Provided material:
lemma face_perm_delete_edge_rotation:
  assumes rs: "rotation_system E \<rho>" and "(b, a) \<in> darts E" "d \<noteq> (a, b)" "d \<noteq> (b, a)"
  shows "face_perm (delete_edge_rotation \<rho> a b) d
    = remove_from_cycle (remove_from_cycle (swap_images (face_perm \<rho>) (a, b) (b, a)) (a, b)) (b, a) d"
proof -
  let ?h = "swap_images (face_perm \<rho>) (a, b) (b, a)" and ?R1 = "remove_from_cycle \<rho> (a, b)"
  have "fst (\<rho> (b, a)) = b" "b \<noteq> a" using rotation_system_fst[OF assms(1,2)] assms(2) by (auto simp: darts_iff)
  then have ba: "\<rho> (b, a) \<noteq> (a, b)" "(a, b) \<noteq> (b, a)" by auto
  have "?h d = \<rho> (snd d, fst d)" "?h (a, b) = \<rho> (a, b)" "?h (b, a) = \<rho> (b, a)"
    using assms(3,4) ba(2) unfolding swap_images_def face_perm_def by simp_all
  then have "remove_from_cycle ?h (a, b) d = ?R1 (snd d, fst d)"
    "remove_from_cycle ?h (a, b) (b, a) = ?R1 (b, a)"
    using ba(1) unfolding remove_from_cycle_def by simp_all
  then show ?thesis
    unfolding face_perm_def delete_edge_rotation_def remove_from_cycle_def[of "remove_from_cycle _ _"]
    by simp
qed

lemma card_face_orbits_delete_edge:
  assumes sg: "simple_graph V E" and rs: "rotation_system E \<rho>" and ab: "{a, b} \<in> E"
    and na: "\<rho> (a, b) \<noteq> (a, b)" and nb: "\<rho> (b, a) \<noteq> (b, a)"
    and nf: "(b, a) \<notin> face_of \<rho> (a, b)" and aC: "a \<in> component V E v"
  shows "card (orbits (face_perm (delete_edge_rotation \<rho> a b))
        (component_darts (E - {{a, b}}) (component V E v))) + 1
    = card (orbits (face_perm \<rho>) (component_darts E (component V E v)))"
proof -
  let ?C = "component V E v" and ?f = "face_perm \<rho>"
  let ?S = "component_darts E ?C" and ?S' = "component_darts (E - {{a, b}}) ?C"
  let ?h = "swap_images ?f (a, b) (b, a)"
  let ?H1 = "remove_from_cycle ?h (a, b)"
  let ?H2 = "remove_from_cycle ?H1 (b, a)"
  have "a \<noteq> b" using simple_graph_edge_neq[OF sg ab] .
  then have abS: "(a, b) \<in> ?S" "(b, a) \<in> ?S" "(a, b) \<noteq> (b, a)"
    using ab aC component_edge_closed[OF sg aC ab] unfolding component_darts_def
    by (auto simp: darts_iff insert_commute)
  have S': "?S' = ?S - {(a, b)} - {(b, a)}" unfolding component_darts_def darts_Diff_edge by auto
  have pS: "perm_on ?f ?S" using perm_on_face_perm_component_darts[OF sg rs] .
  have ph: "perm_on ?h ?S" using perm_on_swap_images[OF pS abS(1,2)] .
  have h_ab: "?h (a, b) \<noteq> (a, b)" using na abS(3) unfolding swap_images_def face_perm_def by simp
  have pH1: "perm_on ?H1 (?S - {(a, b)})" using perm_on_remove_from_cycle[OF ph abS(1)] .
  have "fst (\<rho> (b, a)) \<noteq> a"
    using rotation_system_fst[OF rs] abS unfolding component_darts_def by auto
  then have H1_ba: "?H1 (b, a) \<noteq> (b, a)"
    using nb abS(3) unfolding remove_from_cycle_def swap_images_def face_perm_def by auto
  \<comment> \<open>the swap merges the faces through (a, b) and (b, a); splicing both darts out keeps the count\<close>
  have "card (orbits ?h ?S) + 1 = card (orbits ?f ?S)"
    using card_orbits_swap_images[OF pS abS(1,2)] nf unfolding face_of_eq_orbit by blast
  moreover have "card (orbits ?H1 (?S - {(a, b)})) = card (orbits ?h ?S)"
    using card_orbits_remove_from_cycle[OF ph abS(1) h_ab] .
  moreover have "card (orbits ?H2 ?S') = card (orbits ?H1 (?S - {(a, b)}))"
    unfolding S' using card_orbits_remove_from_cycle[OF pH1 _ H1_ba] abS by simp
  moreover have "orbits (face_perm (delete_edge_rotation \<rho> a b)) ?S' = orbits ?H2 ?S'"
  proof -
    have "perm_on ?H2 ?S'" unfolding S' using perm_on_remove_from_cycle[OF pH1] abS by simp
    moreover have "(b, a) \<in> darts E" using abS(2) unfolding component_darts_def by simp
    then have "\<forall>d\<in>?S'. ?H2 d = face_perm (delete_edge_rotation \<rho> a b) d"
      using face_perm_delete_edge_rotation[OF rs] S' by simp
    ultimately show ?thesis using orbits_cong unfolding perm_on_def by metis
  qed
  ultimately show ?thesis by simp
qed

lemma euler_char_delete_edge_same_component:
  assumes sg: "simple_graph V E" and rs: "rotation_system E \<rho>" and ab: "{a, b} \<in> E"
    and "\<rho> (a, b) \<noteq> (a, b)" "\<rho> (b, a) \<noteq> (b, a)"
    and "(b, a) \<notin> face_of \<rho> (a, b)" and aC: "a \<in> component V E v"
  shows "euler_char (E - {{a, b}}) (delete_edge_rotation \<rho> a b) (component V E v)
    = euler_char E \<rho> (component V E v)"
proof -
  let ?C = "component V E v"
  have "{e\<in>E - {{a, b}}. e \<subseteq> ?C} = {e\<in>E. e \<subseteq> ?C} - {{a, b}}" by auto
  moreover have "{a, b} \<in> {e\<in>E. e \<subseteq> ?C}" using ab aC component_edge_closed[OF sg aC ab] by simp
  moreover have "finite {e\<in>E. e \<subseteq> ?C}" using simple_graph_finite_edges[OF sg] by simp
  ultimately have "card {e\<in>E - {{a, b}}. e \<subseteq> ?C} + 1 = card {e\<in>E. e \<subseteq> ?C}"
    using card_Suc_Diff1 by (metis Suc_eq_plus1)
  then show ?thesis
    using card_face_orbits_delete_edge[OF assms] unfolding euler_char_def by simp
qed

lemma euler_char_delete_edge_other_component:
  assumes sg: "simple_graph V E" and rs: "rotation_system E \<rho>" and ab: "{a, b} \<in> E"
    and aC: "a \<notin> component V E v"
  shows "euler_char (E - {{a, b}}) (delete_edge_rotation \<rho> a b) (component V E v)
    = euler_char E \<rho> (component V E v)"
proof -
  let ?C = "component V E v"
  let ?S = "component_darts E ?C"
  have bC: "b \<notin> ?C" using aC component_edge_closed[OF sg, of b v a] ab by (auto simp: insert_commute)
  have edges: "{e\<in>E - {{a, b}}. e \<subseteq> ?C} = {e\<in>E. e \<subseteq> ?C}" using aC by auto
  have S': "component_darts (E - {{a, b}}) ?C = ?S"
    unfolding component_darts_def darts_Diff_edge using aC bC by auto
  have "face_perm \<rho> d = face_perm (delete_edge_rotation \<rho> a b) d" if "d \<in> ?S" for d
  proof -
    have d: "d \<in> darts E" "fst d \<in> ?C" using that unfolding component_darts_def by auto
    then have "snd d \<in> ?C" using component_edge_closed[OF sg] dart_edge by blast
    then have "fst (\<rho> (snd d, fst d)) \<notin> {a, b}"
      using rotation_system_fst[OF rs dart_reverse[OF d(1)]] aC bC by auto
    then show ?thesis
      unfolding face_perm_def delete_edge_rotation_def remove_from_cycle_def by auto
  qed
  then have "orbits (face_perm (delete_edge_rotation \<rho> a b)) ?S = orbits (face_perm \<rho>) ?S"
    using orbits_cong[OF _ face_perm_component_darts[OF sg rs]] by metis
  then show ?thesis unfolding euler_char_def edges S' by simp
qed

lemma planar_embedding_delete_edge_iff:
  assumes sg: "simple_graph V E" and rs: "rotation_system E \<rho>" and ab: "{a, b} \<in> E"
    and "\<rho> (a, b) \<noteq> (a, b)" "\<rho> (b, a) \<noteq> (b, a)" "(b, a) \<notin> face_of \<rho> (a, b)"
    and "(a, b) \<in> {(x, y). adj (E - {{a, b}}) x y}\<^sup>*"
  shows "planar_embedding V (E - {{a, b}}) (delete_edge_rotation \<rho> a b) \<longleftrightarrow> planar_embedding V E \<rho>"
proof -
  have "euler_char (E - {{a, b}}) (delete_edge_rotation \<rho> a b) (component V E v)
      = euler_char E \<rho> (component V E v)" for v
    using euler_char_delete_edge_same_component[OF assms(1-6)]
      euler_char_delete_edge_other_component[OF sg rs ab] by blast
  then show ?thesis
    unfolding planar_embedding_iff_euler_char[OF sg] planar_embedding_iff_euler_char[OF simple_graph_Diff[OF sg]]
    using rs rotation_system_delete_edge[OF sg rs ab] degree_pos_delete_edge[OF assms(1-5)]
      component_delete_edge[OF ab assms(7)] by simp
qed

lemma planar_embedding_cong:
  assumes sg: "simple_graph V E" and pe: "planar_embedding V E \<rho>"
    and rs: "rotation_system E \<sigma>" and eq: "\<forall>d\<in>darts E. \<sigma> d = \<rho> d"
  shows "planar_embedding V E \<sigma>"
proof -
  have rs\<rho>: "rotation_system E \<rho>" using pe unfolding planar_embedding_def by simp
  have "euler_char E \<sigma> (component V E v) = euler_char E \<rho> (component V E v)" for v
  proof -
    have "face_perm \<rho> d = face_perm \<sigma> d" if "d \<in> darts E" for d
      using eq dart_reverse[OF that] unfolding face_perm_def by simp
    then have "\<forall>d\<in>component_darts E (component V E v). face_perm \<rho> d = face_perm \<sigma> d"
      unfolding component_darts_def by simp
    from orbits_cong[OF this face_perm_component_darts[OF sg rs\<rho>]] show ?thesis
      unfolding euler_char_def by simp
  qed
  then show ?thesis using pe rs unfolding planar_embedding_iff_euler_char[OF sg] by simp
qed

What you have to do: The expected answer is a copy of every line in the entries that holds the word "forall".

Answer space:
    then have "\<forall>d\<in>?S'. ?H2 d = face_perm (delete_edge_rotation \<rho> a b) d"
    and rs: "rotation_system E \<sigma>" and eq: "\<forall>d\<in>darts E. \<sigma> d = \<rho> d"
    then have "\<forall>d\<in>component_darts E (component V E v). face_perm \<rho> d = face_perm \<sigma> d"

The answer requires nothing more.